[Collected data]
Segment Open

(* Let $n\ge 1$, $k\ge 1$, and let $s_1,\dots,s_k$ be nonnegative integers. There are $k$ players who independently each open one cereal box per time step; each box contains one of $n$ coupon types chosen uniformly at random, independently of everything else. Player $i$ is currently missing $s_i$ of the $n$ coupon types. Let $X_i(s_i)$ be the number of boxes player $i$ must open until they have all $n$ types, and let $$M(s_1,\dots,s_k):=\mathbb{E}\left[\max\{X_1(s_1),\dots,X_k(s_k)\}\right]$$ be the expected number of boxes required for the slowest player to complete the collection. Then, with $S:=\sum_{i=1}^k s_i$, $$M(s_1,\dots,s_k)=nH(S)-\frac{\left(H(S)-1\right)\sum_{i<j}s_is_j}{S(S-1)}+o(1).$$
   Context: $H(m)=\sum_{j=1}^m\frac1j$ denotes the $m$-th harmonic number. The term $o(1)$ denotes a quantity tending to $0$ as $n\to\infty$ with $k$ and $s_1,\dots,s_k$ fixed. *)

theory Defs
  imports "HOL-Probability.Probability"
begin

text \<open>Sample space: omega (i,t) is the coupon type (in {0..<n}) found in the box
  opened by player i at time step t (t = 0,1,2,...). All boxes are i.i.d. uniform.\<close>
definition coupon_space :: "nat \<Rightarrow> ((nat \<times> nat) \<Rightarrow> nat) measure" where
  "coupon_space n = PiM UNIV (\<lambda>_. measure_pmf (pmf_of_set {..<n}))"

definition completion_time :: "nat set \<Rightarrow> (nat \<Rightarrow> nat) \<Rightarrow> nat" where
  "completion_time A f = (LEAST m. A \<subseteq> f ` {..<m})"

text \<open>Expected time for the slowest of the k players; player i misses the types in A i.\<close>
definition max_completion :: "nat \<Rightarrow> nat \<Rightarrow> (nat \<Rightarrow> nat set) \<Rightarrow> real" where
  "max_completion n k A =
     integral\<^sup>L (coupon_space n)
       (\<lambda>\<omega>. real (Max ((\<lambda>i. completion_time (A i) (\<lambda>t. \<omega> (i, t))) ` {..<k})))"

end

theory Submission
  imports Defs "HOL-Real_Asymp.Real_Asymp"
begin

text \<open>
  Let \<open>P\<close> be the set of pairs \<open>(i, a)\<close> with \<open>a\<close> a type missing for player \<open>i\<close>.
  The slowest player is still collecting after \<open>m\<close> steps iff some \<open>(i, a) \<in> P\<close> is unseen
  by player \<open>i\<close> in the first \<open>m\<close> boxes, so inclusion-exclusion and summing the tail
  probabilities give the exact formula
  \<open>M = \<Sum>{} \<noteq> T \<subseteq> P. (-1)^(|T|+1) / (1 - q\<^sub>n(T))\<close> with
  \<open>q\<^sub>n(T) = \<Prod>\<^sub>i (1 - |T\<^sub>i| / n)\<close>, where \<open>T\<^sub>i\<close> are the types of player \<open>i\<close> in \<open>T\<close>.
  Expanding \<open>1 / (1 - q\<^sub>n(T)) = n / |T| + e\<^sub>2(T) / |T|\<^sup>2 + o(1)\<close>, with \<open>e\<^sub>2(T)\<close> the
  second elementary symmetric function of the \<open>|T\<^sub>i|\<close>, leaves two alternating sums over
  subsets of \<open>P\<close>: \<open>\<Sum>T. (-1)^(|T|+1) / |T| = H(S)\<close>, and the \<open>e\<^sub>2\<close>-sum, which counts pairs
  \<open>x, y\<close> from different players, each with weight
  \<open>\<Sum>T \<supseteq> {x, y}. (-1)^(|T|+1) / |T|\<^sup>2 = -(H(S) - 1) / (S (S - 1))\<close>.
  Both sums reduce to Beta-integral identities by induction over the set.
\<close>

section \<open>Alternating sums over subsets\<close>

lemma sum_Pow_insert_card:
  fixes f :: "nat \<Rightarrow> 'b::comm_monoid_add"
  assumes "finite A" "a \<notin> A"
  shows "(\<Sum>B\<in>Pow (insert a A). f (card B))
       = (\<Sum>B\<in>Pow A. f (card B)) + (\<Sum>B\<in>Pow A. f (Suc (card B)))"
proof -
  have "inj_on (insert a) (Pow A)"
    using assms(2) by (intro inj_onI) (metis PowD insert_ident subsetD)
  moreover have "Pow A \<inter> insert a ` Pow A = {}" using assms(2) by auto
  moreover have "card (insert a B) = Suc (card B)" if "B \<in> Pow A" for B
    using that assms by (auto intro: card_insert_disjoint finite_subset)
  ultimately show ?thesis
    using assms(1) by (simp add: Pow_insert sum.union_disjoint sum.reindex)
qed

text \<open>\<open>beta_nat a b\<close> is the Beta function value \<open>B(a + 1, b + 1)\<close>.\<close>
definition beta_nat :: "nat \<Rightarrow> nat \<Rightarrow> real" where
  "beta_nat a b = fact a * fact b / fact (a + b + 1)"

lemma beta_nat_0_right: "beta_nat a 0 = 1 / (a + 1)"
  by (simp add: beta_nat_def)

lemma beta_nat_0_left: "beta_nat 0 b = 1 / (b + 1)"
  by (simp add: beta_nat_def)

lemma beta_nat_Suc_left: "beta_nat (Suc a) b = beta_nat a b * (a + 1) / (a + b + 2)"
  by (simp add: beta_nat_def field_simps)

lemma beta_nat_Suc_right: "beta_nat a (Suc b) = beta_nat a b * (b + 1) / (a + b + 2)"
  by (simp add: beta_nat_def field_simps)

lemma beta_nat_diff_Suc_right: "beta_nat a b - beta_nat a (Suc b) = beta_nat (Suc a) b"
  by (simp add: beta_nat_Suc_left beta_nat_Suc_right field_simps)

lemma sum_Pow_alternating_inverse:
  assumes "finite A"
  shows "(\<Sum>B\<in>Pow A. (-1) ^ card B / real (card B + c + 1)) = beta_nat (card A) c"
  using assms
proof (induction A arbitrary: c rule: finite_induct)
  case empty
  then show ?case by (simp add: beta_nat_0_left)
next
  case (insert a A)
  have "(\<Sum>B\<in>Pow (insert a A). (-1) ^ card B / real (card B + c + 1))
      = (\<Sum>B\<in>Pow A. (-1) ^ card B / real (card B + c + 1))
        - (\<Sum>B\<in>Pow A. (-1) ^ card B / real (card B + Suc c + 1))"
    using sum_Pow_insert_card[OF insert(1,2), of "\<lambda>j. (-1) ^ j / real (j + c + 1)"]
    by (simp add: sum_negf)
  then show ?case
    using insert.IH[of c] insert.IH[of "Suc c"] insert(1,2) by (simp flip: beta_nat_diff_Suc_right)
qed

lemma sum_Pow_alternating_inverse_square:
  assumes "finite A"
  shows "(\<Sum>B\<in>Pow A. (-1) ^ card B / real (card B + c + 1) ^ 2)
       = beta_nat (card A) c * (harm (card A + c + 1) - harm c)"
  using assms
proof (induction A arbitrary: c rule: finite_induct)
  case empty
  then show ?case by (simp add: beta_nat_0_left harm_Suc field_simps power2_eq_square)
next
  case (insert a A)
  define N where "N = card A"
  have "(\<Sum>B\<in>Pow (insert a A). (-1) ^ card B / real (card B + c + 1) ^ 2)
      = (\<Sum>B\<in>Pow A. (-1) ^ card B / real (card B + c + 1) ^ 2)
        - (\<Sum>B\<in>Pow A. (-1) ^ card B / real (card B + Suc c + 1) ^ 2)"
    using sum_Pow_insert_card[OF insert(1,2), of "\<lambda>j. (-1) ^ j / real (j + c + 1) ^ 2"]
    by (simp add: sum_negf)
  also have "\<dots> = beta_nat N c * (harm (N + c + 1) - harm c)
                   - beta_nat N (Suc c) * (harm (N + c + 2) - harm (Suc c))"
    using insert.IH[of c] insert.IH[of "Suc c"] by (simp add: N_def)
  also have "\<dots> = beta_nat (Suc N) c * (harm (N + c + 2) - harm c)"
  proof -
    have "harm (N + c + 2) = harm (N + c + 1) + 1 / real (N + c + 2)"
      using harm_Suc[of "N + c + 1"] by (simp add: inverse_eq_divide)
    moreover have "harm (Suc c) = harm c + 1 / real (c + 1)"
      using harm_Suc[of c] by (simp add: inverse_eq_divide)
    moreover have "B * (h - h') - B * c' / d * (h + 1 / d - (h' + 1 / c'))
        = B * (d - c') / d * (h + 1 / d - h')" if "d \<noteq> 0" "c' \<noteq> 0" for B h h' c' d :: real
      using that by (simp add: field_simps)
    ultimately show ?thesis
      by (simp add: beta_nat_Suc_left beta_nat_Suc_right)
  qed
  finally show ?case
    using insert(1,2) by (simp add: N_def)
qed

text \<open>The term for \<open>B = {}\<close> is \<open>-1 / 0 = 0\<close>.\<close>
lemma sum_Pow_alternating_harm:
  assumes "finite A"
  shows "(\<Sum>B\<in>Pow A. (-1) ^ (card B + 1) / real (card B)) = harm (card A)"
  using assms
proof (induction A rule: finite_induct)
  case empty
  then show ?case by (simp add: harm_def)
next
  case (insert a A)
  have "(\<Sum>B\<in>Pow (insert a A). (-1) ^ (card B + 1) / real (card B))
      = harm (card A) + (\<Sum>B\<in>Pow A. (-1) ^ card B / real (card B + 0 + 1))"
    using sum_Pow_insert_card[OF insert(1,2), of "\<lambda>j. (-1) ^ (j + 1) / real j"] insert.IH
    by simp
  then show ?case
    using insert(1,2) sum_Pow_alternating_inverse[OF insert(1), of 0]
    by (simp add: beta_nat_0_right harm_Suc inverse_eq_divide)
qed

Segment Closed

Work to be completed: Going back to the entries above, set down exactly the lines that begin at the one with "text \<open>The term" and end at the one with "(j + 1) / real", both included, and nothing else.

Answer to this exercise:
text \<open>The term for \<open>B = {}\<close> is \<open>-1 / 0 = 0\<close>.\<close>
lemma sum_Pow_alternating_harm:
  assumes "finite A"
  shows "(\<Sum>B\<in>Pow A. (-1) ^ (card B + 1) / real (card B)) = harm (card A)"
  using assms
proof (induction A rule: finite_induct)
  case empty
  then show ?case by (simp add: harm_def)
next
  case (insert a A)
  have "(\<Sum>B\<in>Pow (insert a A). (-1) ^ (card B + 1) / real (card B))
      = harm (card A) + (\<Sum>B\<in>Pow A. (-1) ^ card B / real (card B + 0 + 1))"
    using sum_Pow_insert_card[OF insert(1,2), of "\<lambda>j. (-1) ^ (j + 1) / real j"] insert.IH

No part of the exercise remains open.